Work instructions
Retype each record exactly.

Saved entries

(* Let $\mathbf{F}$ be a finite field with $q$ elements, let $A=\operatorname{diag}(J_{r_1}(0),\dots,J_{r_s}(0))$ with $r_1,\dots,r_s>0$ and $r_1+\dots+r_s=n$ (allowing $s=0$, $n=0$), let $\ell\ge0$, and set $A'=\operatorname{diag}(I_\ell,A)\in M_{\ell+n}(\mathbf{F})$. For $j\ge0$ let $e(A',j)$ be the number of semi-idempotent matrices $C$ obtained from $A'$ by replacing its last column by an arbitrary column such that $\mathrm{srk}\,C=j$, and for $i,j\ge0$ let $e(A',i,j)$ be the number of such $C$ with $\operatorname{rank} C=i$ and $\mathrm{srk}\,C=j$. Then (a) $e(A',\mathrm{srk}\,A')=q^{\mathrm{srk}\,A'}\,e(A',\mathrm{srk}\,A'+1)$; (b) if $s>0$ and $r_s>1$, then $e(A',\operatorname{rank}A',\mathrm{srk}\,A')=q^{\mathrm{srk}\,A'}\,e(A',\operatorname{rank}A',\mathrm{srk}\,A'+1)$.
   Context: $J_\ell(0)$ is the lower $\ell\times\ell$ Jordan block with eigenvalue $0$ (ones directly below the diagonal). A square matrix $C$ is semi-idempotent if the space decomposes as $X\oplus Y$ into $C$-stable subspaces with $C|_X$ the identity and $C|_Y$ nilpotent. The stable rank $\mathrm{srk}\,C$ is the rank of $C^i$ for $i\gg0$ (so $\mathrm{srk}\,A'=\ell$). *)

theory Defs
  imports "Jordan_Normal_Form.DL_Rank"
begin

definition lower_jordan_zero :: "nat \<Rightarrow> 'a::{zero,one} mat" where
  "lower_jordan_zero k = mat k k (\<lambda>(i, j). if i = Suc j then 1 else 0)"

definition is_subspace :: "nat \<Rightarrow> 'a::field vec set \<Rightarrow> bool" where
  "is_subspace N U \<longleftrightarrow> U \<subseteq> carrier_vec N \<and> 0\<^sub>v N \<in> U \<and>
     (\<forall>u\<in>U. \<forall>v\<in>U. u + v \<in> U) \<and> (\<forall>a. \<forall>u\<in>U. a \<cdot>\<^sub>v u \<in> U)"

definition semi_idempotent :: "nat \<Rightarrow> 'a::field mat \<Rightarrow> bool" where
  "semi_idempotent N C \<longleftrightarrow> C \<in> carrier_mat N N \<and>
     (\<exists>X Y. is_subspace N X \<and> is_subspace N Y \<and>
        (\<forall>v\<in>carrier_vec N. \<exists>!p. fst p \<in> X \<and> snd p \<in> Y \<and> v = fst p + snd p) \<and>
        (\<forall>x\<in>X. C *\<^sub>v x \<in> X) \<and> (\<forall>y\<in>Y. C *\<^sub>v y \<in> Y) \<and>
        (\<forall>x\<in>X. C *\<^sub>v x = x) \<and>
        (\<exists>k. \<forall>y\<in>Y. (C ^\<^sub>m k) *\<^sub>v y = 0\<^sub>v N))"

abbreviation mrank :: "nat \<Rightarrow> 'a::field mat \<Rightarrow> nat" where
  "mrank N C \<equiv> vec_space.rank N C"

definition srk :: "nat \<Rightarrow> 'a::field mat \<Rightarrow> nat" where
  "srk N C = (THE r. \<exists>i0. \<forall>i\<ge>i0. mrank N (C ^\<^sub>m i) = r)"

definition A_prime :: "nat \<Rightarrow> nat list \<Rightarrow> 'a::field mat" where
  "A_prime l rs = diag_block_mat [1\<^sub>m l, diag_block_mat (map lower_jordan_zero rs)]"

definition last_col_repl :: "nat \<Rightarrow> 'a::field mat \<Rightarrow> 'a mat set" where
  "last_col_repl N B = {C \<in> carrier_mat N N. \<forall>i<N. \<forall>j<N. j \<noteq> N - 1 \<longrightarrow> C $$ (i, j) = B $$ (i, j)}"

definition e_count :: "nat \<Rightarrow> 'a::field mat \<Rightarrow> nat \<Rightarrow> nat" where
  "e_count N B j = card {C \<in> last_col_repl N B. semi_idempotent N C \<and> srk N C = j}"

definition e_count2 :: "nat \<Rightarrow> 'a::field mat \<Rightarrow> nat \<Rightarrow> nat \<Rightarrow> nat" where
  "e_count2 N B i j = card {C \<in> last_col_repl N B. semi_idempotent N C \<and> mrank N C = i \<and> srk N C = j}"

end

theory Submission
  imports Defs
begin

(* Write C for A' with its last column replaced by c, N = l + r_1 + ... + r_s, and {p..<N} for
   the indices of the last Jordan block.  C is semi-idempotent iff C^(k+1) = C^k for some k, and
   then srk C = rank C^k.  On the last block C acts as a shift fed by the last coordinate through c.
   Hence a semi-idempotent C has either c = 0 on the last block, and then srk C = l, or c = e_(N-1)
   on the last block and c = 0 on the first l coordinates, and then srk C = l + 1; conversely both
   conditions give C^(K+1) = C^K for K = r_1 + ... + r_s + r_s.  Forgetting the first l coordinates
   of c and switching its last coordinate from 0 to 1 is then a q^l-to-one correspondence between
   the two sets of last columns.  For (b), rank C = rank A' iff c vanishes on the rows where a
   Jordan block starts; when r_s > 1 this condition involves neither the first l coordinates nor
   the last one, so the same correspondence applies. *)

section \<open>Powers of a square matrix\<close>

declare pow_mat.simps(2) [simp del]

Answer below
(* Let $\mathbf{F}$ be a finite field with $q$ elements, let $A=\operatorname{diag}(J_{r_1}(0),\dots,J_{r_s}(0))$ with $r_1,\dots,r_s>0$ and $r_1+\dots+r_s=n$ (allowing $s=0$, $n=0$), let $\ell\ge0$, and set $A'=\operatorname{diag}(I_\ell,A)\in M_{\ell+n}(\mathbf{F})$. For $j\ge0$ let $e(A',j)$ be the number of semi-idempotent matrices $C$ obtained from $A'$ by replacing its last column by an arbitrary column such that $\mathrm{srk}\,C=j$, and for $i,j\ge0$ let $e(A',i,j)$ be the number of such $C$ with $\operatorname{rank} C=i$ and $\mathrm{srk}\,C=j$. Then (a) $e(A',\mathrm{srk}\,A')=q^{\mathrm{srk}\,A'}\,e(A',\mathrm{srk}\,A'+1)$; (b) if $s>0$ and $r_s>1$, then $e(A',\operatorname{rank}A',\mathrm{srk}\,A')=q^{\mathrm{srk}\,A'}\,e(A',\operatorname{rank}A',\mathrm{srk}\,A'+1)$.
   Context: $J_\ell(0)$ is the lower $\ell\times\ell$ Jordan block with eigenvalue $0$ (ones directly below the diagonal). A square matrix $C$ is semi-idempotent if the space decomposes as $X\oplus Y$ into $C$-stable subspaces with $C|_X$ the identity and $C|_Y$ nilpotent. The stable rank $\mathrm{srk}\,C$ is the rank of $C^i$ for $i\gg0$ (so $\mathrm{srk}\,A'=\ell$). *)

theory Defs
  imports "Jordan_Normal_Form.DL_Rank"
begin

definition lower_jordan_zero :: "nat \<Rightarrow> 'a::{zero,one} mat" where
  "lower_jordan_zero k = mat k k (\<lambda>(i, j). if i = Suc j then 1 else 0)"

definition is_subspace :: "nat \<Rightarrow> 'a::field vec set \<Rightarrow> bool" where
  "is_subspace N U \<longleftrightarrow> U \<subseteq> carrier_vec N \<and> 0\<^sub>v N \<in> U \<and>
     (\<forall>u\<in>U. \<forall>v\<in>U. u + v \<in> U) \<and> (\<forall>a. \<forall>u\<in>U. a \<cdot>\<^sub>v u \<in> U)"

definition semi_idempotent :: "nat \<Rightarrow> 'a::field mat \<Rightarrow> bool" where
  "semi_idempotent N C \<longleftrightarrow> C \<in> carrier_mat N N \<and>
     (\<exists>X Y. is_subspace N X \<and> is_subspace N Y \<and>
        (\<forall>v\<in>carrier_vec N. \<exists>!p. fst p \<in> X \<and> snd p \<in> Y \<and> v = fst p + snd p) \<and>
        (\<forall>x\<in>X. C *\<^sub>v x \<in> X) \<and> (\<forall>y\<in>Y. C *\<^sub>v y \<in> Y) \<and>
        (\<forall>x\<in>X. C *\<^sub>v x = x) \<and>
        (\<exists>k. \<forall>y\<in>Y. (C ^\<^sub>m k) *\<^sub>v y = 0\<^sub>v N))"

abbreviation mrank :: "nat \<Rightarrow> 'a::field mat \<Rightarrow> nat" where
  "mrank N C \<equiv> vec_space.rank N C"

definition srk :: "nat \<Rightarrow> 'a::field mat \<Rightarrow> nat" where
  "srk N C = (THE r. \<exists>i0. \<forall>i\<ge>i0. mrank N (C ^\<^sub>m i) = r)"

definition A_prime :: "nat \<Rightarrow> nat list \<Rightarrow> 'a::field mat" where
  "A_prime l rs = diag_block_mat [1\<^sub>m l, diag_block_mat (map lower_jordan_zero rs)]"

definition last_col_repl :: "nat \<Rightarrow> 'a::field mat \<Rightarrow> 'a mat set" where
  "last_col_repl N B = {C \<in> carrier_mat N N. \<forall>i<N. \<forall>j<N. j \<noteq> N - 1 \<longrightarrow> C $$ (i, j) = B $$ (i, j)}"

definition e_count :: "nat \<Rightarrow> 'a::field mat \<Rightarrow> nat \<Rightarrow> nat" where
  "e_count N B j = card {C \<in> last_col_repl N B. semi_idempotent N C \<and> srk N C = j}"

definition e_count2 :: "nat \<Rightarrow> 'a::field mat \<Rightarrow> nat \<Rightarrow> nat \<Rightarrow> nat" where
  "e_count2 N B i j = card {C \<in> last_col_repl N B. semi_idempotent N C \<and> mrank N C = i \<and> srk N C = j}"

end

theory Submission
  imports Defs
begin

(* Write C for A' with its last column replaced by c, N = l + r_1 + ... + r_s, and {p..<N} for
   the indices of the last Jordan block.  C is semi-idempotent iff C^(k+1) = C^k for some k, and
   then srk C = rank C^k.  On the last block C acts as a shift fed by the last coordinate through c.
   Hence a semi-idempotent C has either c = 0 on the last block, and then srk C = l, or c = e_(N-1)
   on the last block and c = 0 on the first l coordinates, and then srk C = l + 1; conversely both
   conditions give C^(K+1) = C^K for K = r_1 + ... + r_s + r_s.  Forgetting the first l coordinates
   of c and switching its last coordinate from 0 to 1 is then a q^l-to-one correspondence between
   the two sets of last columns.  For (b), rank C = rank A' iff c vanishes on the rows where a
   Jordan block starts; when r_s > 1 this condition involves neither the first l coordinates nor
   the last one, so the same correspondence applies. *)

section \<open>Powers of a square matrix\<close>

declare pow_mat.simps(2) [simp del]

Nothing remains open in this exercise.